– Об Иерхариде пока такого сказать нельзя, но и хуже ему не стало. Да и рано пока говорить. Он по капле, по полкапли восстанавливается.

– Ну если хуже не стало… – Майяри и Шидай опять переглянулись.

В доме нарастал шум.

Глава 26. Не одиночество

Он смотрел на неё из-под края капюшона. Слегка ссутулившись и склонив голову так, что создавалось впечатление, будто он наблюдает украдкой. Сама мысль, что он тайно следит за ней, почему-то будоражила Лоэзию.

– Господин, куда мы сегодня пойдём? – девушка ярко улыбнулась, ярче сияющего солнца, и замерла в двух саженях от тёмного.

Тот остановился. Слух впервые за многие годы изменил ему, он не расслышал вопрос, зато глаза, казалось, увидели больше, чем когда-либо.

Лоэзия. Ло-э-зи-я. Ёрделу особенно нравилось окончание имени, когда язык прижимался к зубам и начинал дрожать от выдыхаемого звука. Он никогда не видел такого красивого ребёнка, как Лоэзия. Солнце обливало её сверху, хрустально серебрясь в заплетённых в косу волосах. Глаза радостно сияли, щурились в улыбке.
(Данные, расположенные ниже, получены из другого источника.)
(* Let $V$ be the set of integer points $(x,y,z)\in\mathbb{Z}^3$ such that none of $x\pm y,\ y\pm z,\ z\pm x$ is congruent to $0\pmod 4$, and let $G$ be the graph on $V$ with two vertices adjacent exactly when their Euclidean distance is $\sqrt2$. Define $h:V\to\mathbb{R}$ as follows. For $P=(x,y,z)\in V$ let $x'\ge y'\ge z'\ge 0$ be $|x|,|y|,|z|$ sorted in decreasing order, and put $h'(P)=x'+\tfrac{y'}{2}-\tfrac{s}{2}$ with $s=a(y' \bmod 4)\cdot b(x' \bmod 4)$, where $(a(0),\dots,a(3))=(0,1,0,-1)$ and $(b(0),\dots,b(3))=(1,0,-1,0)$. Then $h(P)=h'(P)+c(P)$, where ($\operatorname{sig}$ = sign function): $c(P)=0$ if $|x|\ge|y|\ge|z|$; $c(P)=-\operatorname{sig}(z)$ if $|x|\ge|z|\ge|y|$; $c(P)=-\operatorname{sig}(y)$ if $|y|\ge|x|\ge|z|$; $c(P)=0$ if $|y|\ge|z|\ge|x|$ and $yz\le0$; $c(P)=-2\operatorname{sig}(z)$ if $|y|\ge|z|\ge|x|$ and $yz\ge0$; $c(P)=-2\operatorname{sig}(z)$ if $|z|\ge|x|\ge|y|$; $c(P)=-\operatorname{sig}(z)$ if $|z|\ge|y|\ge|x|$ and $yz\le0$; $c(P)=-3\operatorname{sig}(y)$ if $|z|\ge|y|\ge|x|$ and $yz\ge0$. Let $T_3(P)=P+(2,2,2)$, $T_4(P)=P+(4,0,0)$, $T_6(P)=P+(4,4,0)$ with associated regions $Q_3=\{x+y\ge0,\ y+z\ge0,\ z+x\ge0\}$, $Q_4=\{x\ge|y|,\ x\ge|z|\}$, $Q_6=\{y\ge|z|,\ x\ge y+|z|\}$, and let $\mathcal U=\{(x,y,z): x\ge y\ge z\ge0\}$. If $P\in V\cap\mathcal U$ and $h(P)\ge 15$, then there is $k\in\{3,4,6\}$ such that $P$, all neighbours of $P$ in $G$, and the images of $P$ and of all these neighbours under $T_k^{-1}$ all lie in $Q_k$.
   Context: $G$ is the sodalite network (edge-skeleton of the tiling of 3-space by truncated octahedra, scaled by 4); each vertex has four neighbours, whose coordinates differ from those of the vertex by $-1,0,+1$ in each component. For vertices the values $|x|,|y|,|z|$ are pairwise distinct, so exactly one case in the definition of $c(P)$ applies. *)

theory Defs
  imports Complex_Main
begin

type_synonym pt = "int \<times> int \<times> int"

definition vtx :: "pt set" where
  "vtx = {(x,y,z). \<not> (4 dvd (x+y)) \<and> \<not> (4 dvd (x-y)) \<and> \<not> (4 dvd (y+z)) \<and> \<not> (4 dvd (y-z))
                  \<and> \<not> (4 dvd (z+x)) \<and> \<not> (4 dvd (z-x))}"

definition sqdist :: "pt \<Rightarrow> pt \<Rightarrow> int" where
  "sqdist P Q = (case P of (x,y,z) \<Rightarrow> case Q of (u,v,w) \<Rightarrow> (x-u)^2 + (y-v)^2 + (z-w)^2)"

definition adj :: "pt \<Rightarrow> pt \<Rightarrow> bool" where
  "adj P Q \<longleftrightarrow> P \<in> vtx \<and> Q \<in> vtx \<and> sqdist P Q = 2"

definition aa :: "int \<Rightarrow> int" where
  "aa r = (if r = 1 then 1 else if r = 3 then -1 else 0)"

definition bb :: "int \<Rightarrow> int" where
  "bb r = (if r = 0 then 1 else if r = 2 then -1 else 0)"

definition s1 :: "pt \<Rightarrow> int" where
  "s1 P = (case P of (x,y,z) \<Rightarrow> max \<bar>x\<bar> (max \<bar>y\<bar> \<bar>z\<bar>))"
definition s3 :: "pt \<Rightarrow> int" where
  "s3 P = (case P of (x,y,z) \<Rightarrow> min \<bar>x\<bar> (min \<bar>y\<bar> \<bar>z\<bar>))"
definition s2 :: "pt \<Rightarrow> int" where
  "s2 P = (case P of (x,y,z) \<Rightarrow> \<bar>x\<bar> + \<bar>y\<bar> + \<bar>z\<bar> - s1 P - s3 P)"

definition h' :: "pt \<Rightarrow> real" where
  "h' P = real_of_int (s1 P) + real_of_int (s2 P) / 2
          - real_of_int (aa (s2 P mod 4) * bb (s1 P mod 4)) / 2"

definition cc :: "pt \<Rightarrow> int" where
  "cc P = (case P of (x,y,z) \<Rightarrow>
     if \<bar>x\<bar> \<ge> \<bar>y\<bar> \<and> \<bar>y\<bar> \<ge> \<bar>z\<bar> then 0
     else if \<bar>x\<bar> \<ge> \<bar>z\<bar> \<and> \<bar>z\<bar> \<ge> \<bar>y\<bar> then - sgn z
     else if \<bar>y\<bar> \<ge> \<bar>x\<bar> \<and> \<bar>x\<bar> \<ge> \<bar>z\<bar> then - sgn y
     else if \<bar>y\<bar> \<ge> \<bar>z\<bar> \<and> \<bar>z\<bar> \<ge> \<bar>x\<bar> \<and> y*z \<le> 0 then 0
     else if \<bar>y\<bar> \<ge> \<bar>z\<bar> \<and> \<bar>z\<bar> \<ge> \<bar>x\<bar> \<and> y*z \<ge> 0 then - 2 * sgn z
     else if \<bar>z\<bar> \<ge> \<bar>x\<bar> \<and> \<bar>x\<bar> \<ge> \<bar>y\<bar> then - 2 * sgn z
     else if \<bar>z\<bar> \<ge> \<bar>y\<bar> \<and> \<bar>y\<bar> \<ge> \<bar>x\<bar> \<and> y*z \<le> 0 then - sgn z
     else - 3 * sgn y)"

definition h :: "pt \<Rightarrow> real" where
  "h P = h' P + real_of_int (cc P)"

definition T3 :: "pt \<Rightarrow> pt" where "T3 = (\<lambda>(x,y,z). (x+2, y+2, z+2))"
definition T4 :: "pt \<Rightarrow> pt" where "T4 = (\<lambda>(x,y,z). (x+4, y, z))"
definition T6 :: "pt \<Rightarrow> pt" where "T6 = (\<lambda>(x,y,z). (x+4, y+4, z))"

definition T3inv :: "pt \<Rightarrow> pt" where "T3inv = (\<lambda>(x,y,z). (x-2, y-2, z-2))"
definition T4inv :: "pt \<Rightarrow> pt" where "T4inv = (\<lambda>(x,y,z). (x-4, y, z))"
definition T6inv :: "pt \<Rightarrow> pt" where "T6inv = (\<lambda>(x,y,z). (x-4, y-4, z))"

definition Q3 :: "pt set" where "Q3 = {(x,y,z). x+y \<ge> 0 \<and> y+z \<ge> 0 \<and> z+x \<ge> 0}"
definition Q4 :: "pt set" where "Q4 = {(x,y,z). x \<ge> \<bar>y\<bar> \<and> x \<ge> \<bar>z\<bar>}"
definition Q6 :: "pt set" where "Q6 = {(x,y,z). y \<ge> \<bar>z\<bar> \<and> x \<ge> y + \<bar>z\<bar>}"

definition UU :: "pt set" where "UU = {(x,y,z). x \<ge> y \<and> y \<ge> z \<and> z \<ge> 0}"

definition Tinv :: "nat \<Rightarrow> pt \<Rightarrow> pt" where
  "Tinv k = (if k = 3 then T3inv else if k = 4 then T4inv else T6inv)"
definition Qk :: "nat \<Rightarrow> pt set" where
  "Qk k = (if k = 3 then Q3 else if k = 4 then Q4 else Q6)"

lemma T_inverses: "T3inv \<circ> T3 = id" "T4inv \<circ> T4 = id" "T6inv \<circ> T6 = id"
  by (auto simp: T3inv_def T3_def T4inv_def T4_def T6inv_def T6_def)

end

theory Submission
  imports Defs
begin

text \<open>On \<open>UU\<close> the correction term vanishes and \<open>h P\<close> is at most \<open>x + (y + 1)/2\<close>, so \<open>h P \<ge> 15\<close>
  forces \<open>2x + y \<ge> 29\<close>. A neighbour differs from \<open>P\<close> by at most 1 in each coordinate, so it
  suffices that \<open>P\<close> lies deep enough inside \<open>Q\<^sub>k\<close>: either \<open>y + z \<ge> 6\<close> and \<open>Q\<^sub>3\<close> works, or
  \<open>y, z \<le> 5\<close>, whence \<open>x \<ge> 12\<close> and \<open>Q\<^sub>4\<close> works.\<close>

lemma sqdist_le_2_imp_coord_dist:
  assumes "sqdist (x,y,z) (u,v,w) \<le> 2"
  shows "\<bar>u - x\<bar> \<le> 1" "\<bar>v - y\<bar> \<le> 1" "\<bar>w - z\<bar> \<le> 1"
proof -
  have abs_le_1: "\<bar>t\<bar> \<le> 1" if "t\<^sup>2 \<le> (2::int)" for t
  proof (rule ccontr)
    assume "\<not> \<bar>t\<bar> \<le> 1"
    then have "2 * 2 \<le> \<bar>t\<bar> * \<bar>t\<bar>" by (intro mult_mono) auto
    with that show False by (simp add: power2_eq_square)
  qed
  have sum: "(x-u)\<^sup>2 + (y-v)\<^sup>2 + (z-w)\<^sup>2 \<le> 2"
    using assms by (simp add: sqdist_def)
  have "(x-u)\<^sup>2 \<le> 2" "(y-v)\<^sup>2 \<le> 2" "(z-w)\<^sup>2 \<le> 2"
    using sum zero_le_power2[of "x-u"] zero_le_power2[of "y-v"] zero_le_power2[of "z-w"]
    by linarith+
  then show "\<bar>u - x\<bar> \<le> 1" "\<bar>v - y\<bar> \<le> 1" "\<bar>w - z\<bar> \<le> 1"
    using abs_le_1 by (metis abs_minus_commute)+
qed

lemma h_UU_upper_bound:
  assumes "(x,y,z) \<in> UU"
  shows "2 * h (x,y,z) \<le> 2 * x + y + 1"
proof -
  have "x \<ge> y" "y \<ge> z" "z \<ge> 0" using assms by (auto simp: UU_def)
  then have "s1 (x,y,z) = x" "s2 (x,y,z) = y" "cc (x,y,z) = 0"
    by (auto simp: s1_def s2_def s3_def cc_def)
  moreover have "aa r * bb t \<ge> -1" for r t by (auto simp: aa_def bb_def)
  then have "real_of_int (aa (y mod 4) * bb (x mod 4)) \<ge> -1"
    by (metis of_int_le_iff of_int_minus of_int_1)
  ultimately show ?thesis by (simp add: h_def h'_def)
qed

lemma ball_in_Q3:
  assumes "x + y \<ge> 6" "y + z \<ge> 6" "z + x \<ge> 6" "sqdist (x,y,z) N \<le> 2"
  shows "N \<in> Q3 \<and> T3inv N \<in> Q3"
proof -
  obtain u v w where N: "N = (u,v,w)" by (cases N) auto
  show ?thesis
    using assms sqdist_le_2_imp_coord_dist[of x y z u v w]
    by (auto simp: N Q3_def T3inv_def)
qed

lemma ball_in_Q4:
  assumes "x \<ge> \<bar>y\<bar> + 6" "x \<ge> \<bar>z\<bar> + 6" "sqdist (x,y,z) N \<le> 2"
  shows "N \<in> Q4 \<and> T4inv N \<in> Q4"
proof -
  obtain u v w where N: "N = (u,v,w)" by (cases N) auto
  show ?thesis
    using assms sqdist_le_2_imp_coord_dist[of x y z u v w]
    by (auto simp: N Q4_def T4inv_def)
qed

lemma closed_neighbourhood_in_region:
  assumes "\<And>N. sqdist P N \<le> 2 \<Longrightarrow> N \<in> Qk k \<and> Tinv k N \<in> Qk k"
  shows "P \<in> Qk k \<and> Tinv k P \<in> Qk k \<and> (\<forall>N. adj P N \<longrightarrow> N \<in> Qk k \<and> Tinv k N \<in> Qk k)"
proof -
  have "sqdist P P \<le> 2" by (cases P) (simp add: sqdist_def)
  then show ?thesis using assms by (auto simp: adj_def)
qed

theorem lemma2:
  fixes P :: pt
  assumes "P \<in> vtx \<inter> UU" and "h P \<ge> 15"
  shows "\<exists>k \<in> {3,4,6::nat}.
           P \<in> Qk k \<and> Tinv k P \<in> Qk k \<and>
           (\<forall>N. adj P N \<longrightarrow> N \<in> Qk k \<and> Tinv k N \<in> Qk k)"
proof -
  obtain x y z where P: "P = (x,y,z)" by (cases P) auto
  have U: "x \<ge> y" "y \<ge> z" "z \<ge> 0" using assms(1) by (auto simp: P UU_def)
  have "2 * x + y \<ge> 29"
    using h_UU_upper_bound[of x y z] assms by (simp add: P)
  show ?thesis
  proof (cases "y + z \<ge> 6")
    case True
    with U have "x + y \<ge> 6" "y + z \<ge> 6" "z + x \<ge> 6" by auto
    then have "P \<in> Qk 3 \<and> Tinv 3 P \<in> Qk 3 \<and> (\<forall>N. adj P N \<longrightarrow> N \<in> Qk 3 \<and> Tinv 3 N \<in> Qk 3)"
      by (intro closed_neighbourhood_in_region) (simp add: P Qk_def Tinv_def ball_in_Q3)
    then show ?thesis by blast
  next
    case False
    with U \<open>2 * x + y \<ge> 29\<close> have "x \<ge> \<bar>y\<bar> + 6" "x \<ge> \<bar>z\<bar> + 6" by auto
    then have "P \<in> Qk 4 \<and> Tinv 4 P \<in> Qk 4 \<and> (\<forall>N. adj P N \<longrightarrow> N \<in> Qk 4 \<and> Tinv 4 N \<in> Qk 4)"
      by (intro closed_neighbourhood_in_region) (simp add: P Qk_def Tinv_def ball_in_Q4)
    then show ?thesis by blast
  qed
qed

end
Очень красивое дитя.

Дитя же?

Он успел засомневаться.

Налетел ветер, вытянул из причёски серебристый локон, взметнул полы плаща и с лиственным шорохом зашуршал юбкой. От богатого платья и шубки Ёрдел избавил девушку уже на второй день: неудобно, да и испачкалось. Кроме того, стало теплее, и в мехах уже было тяжело. И он достал девочке другое платье, более простое, и лёгкий плащ.

– Так куда мы пойдём? – повторила вопрос девушка и, повернувшись на пятках, порывисто шагнула вперёд и радостно осмотрелась.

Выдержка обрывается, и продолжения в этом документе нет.